Il s’énervait. Sa voix montait déjà. Devinant alors qu’il lui fallait prendre le dessus, Fiora s’écria :
– Vous avez raison : il y a autre chose. Campobasso va vous revenir et moi je ne veux plus jamais revoir cet homme ! C’est pour cela que je vous demande mon congé...
– Ce n’est donc que cela ? Alors rassurez-vous. Je promets que vous ne le verrez pas. Il est vrai qu’il a demandé à reprendre du service sous ma bannière. C’est un bon capitaine et j’ai malheureusement besoin de ses soldats mais il ne viendra pas ici. Je lui ai ordonné d’aller prendre position entre Thionville et Metz où il attendra le prince de Croy et le duc Engelbert de Nassau qui vont venir des Pays-Bas avec cinq mille hommes de pied. Dans peu de jours il faut que nous ayons quitté La Rivière. L’Enfant a mis le siège devant Nancy et je veux le prendre à revers. Vous serez auprès de moi comme naguère mais Olivier de La Marche aura ordre de veiller sur vous et de vous tenir à l’écart lorsque Campobasso viendra me voir. Mais je ne veux pas que vous me quittiez. Il faut, vous entendez, il faut que vous demeuriez à mes côtés. Ne me demandez pas pourquoi !

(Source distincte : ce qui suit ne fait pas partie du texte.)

lemma closed_range_approximate_preimages:
  fixes T :: "'a::real_normed_vector \<Rightarrow> 'b::banach"
  assumes T: "linear T" and S: "subspace S" and R: "closed (T ` S)"
  shows "\<exists>a\<ge>0. \<forall>y\<in>T ` S. \<exists>x\<in>S. norm x \<le> a * norm y \<and> norm (y - T x) \<le> norm y / 2"
proof -
  obtain n :: nat and y1 r where r: "r > 0" and y1: "y1 \<in> T ` S"
    and ball: "ball y1 r \<inter> T ` S \<subseteq> closure (T ` (S \<inter> cball 0 (real n)))"
    by (rule closed_range_closure_image_cball_has_interior[OF assms])
  have image_subspace: "subspace (T ` S)" using T S by (rule linear_subspace_image)
  show ?thesis
  proof (intro exI[of _ "4 * real n / r"] conjI ballI)
    show "0 \<le> 4 * real n / r" using r by simp
    fix y assume y: "y \<in> T ` S"
    show "\<exists>x\<in>S. norm x \<le> 4 * real n / r * norm y \<and> norm (y - T x) \<le> norm y / 2"
    proof (cases "y = 0")
      case True then show ?thesis using S by (intro bexI[of _ 0]) (auto simp: subspace_0 linear_0[OF T])
    next
      case False
      define t where "t = 2 * norm y / r"
      have t: "t > 0" using False r by (simp add: t_def)
      have "(1/t) *\<^sub>R y \<in> T ` S" using y image_subspace by (simp add: subspace_scale)
      moreover have "norm ((1/t) *\<^sub>R y) < r" using t False r by (simp add: t_def)
      ultimately obtain x where x: "x \<in> S" "norm x \<le> 2 * real n" "norm ((1/t) *\<^sub>R y - T x) < r/4"
        using approximate_preimage_of_small_vector[OF T S y1 ball] r by (meson divide_pos_pos zero_less_numeral)
      have "norm (t *\<^sub>R x) \<le> t * (2 * real n)" using x t by (simp add: mult_left_mono)
      also have "\<dots> = 4 * real n / r * norm y" by (simp add: t_def)
      finally have "norm (t *\<^sub>R x) \<le> 4 * real n / r * norm y" .
      moreover have "y - T (t *\<^sub>R x) = t *\<^sub>R ((1/t) *\<^sub>R y - T x)"
        using t by (simp add: linear_scale[OF T] algebra_simps)
      then have "norm (y - T (t *\<^sub>R x)) \<le> t * (r/4)" using x t by simp
      then have "norm (y - T (t *\<^sub>R x)) \<le> norm y / 2" using r by (simp add: t_def)
      ultimately show ?thesis using x S by (intro bexI[of _ "t *\<^sub>R x"]) (auto simp: subspace_scale)
    qed
  qed
qed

Et, oubliant qu’il s’était invité à souper, le Téméraire s’enfuit. La porte retomba derrière lui et le bruit s’en prolongea un instant dans le silence qui s’était établi dans la chambre.
– Eh bien ! soupira Léonarde. Nous souperons seules !
– J’aime autant cela mais avouez tout de même que c’est effrayant ! Jamais je ne pourrai lui échapper..,
– N’y pensez pas ! Vous ne devez plus avoir en tête qu’une seule idée : nous allons partir pour Nancy. N’est-ce pas là le principal ? Ce serait bien le diable si dans le tohu-bohu d’une guerre nous n’arrivions pas à fausser compagnie à monseigneur. Et si le jeune Colonna n’est pas encore parti, eh bien, nous l’enlèverons.
– Léonarde, dit Fiora avec conviction, vous m’étonnerez toujours. Enlever Battista ?
– Pourquoi pas ? Ce pourrait être très amusant...
Le 25 septembre au matin, l’armée si péniblement reconstituée quittait La Rivière... D’aucuns auraient dit une apparence d’armée tant le contraste était poignant avec la superbe machine de guerre que deux semblants de bataille avaient réduite en miettes. Vieux soldats recuits au feu des mitrailles et jeunes recrues, la Bourgogne, la Picardie, le Luxembourg et le Hainaut avaient apporté tout ce qu’ils pouvaient fournir pour les adjoindre aux lances fidèles de Galeotto, le seul mercenaire dont la loyauté n’eût jamais fait défaut. Mais c’étaient les troupes de la dernière chance. Qu’une nouvelle défaite les disperse ou les anéantisse et il n’y aurait plus rien, plus même de Bourgogne dont les clochers vides n’avaient plus de bronze à fournir. Dix mille hommes, pas plus, c’est tout ce que le Téméraire traîne après lui et sur lesquels il compte pour chasser une fois de plus l’Enfant de sa terre natale.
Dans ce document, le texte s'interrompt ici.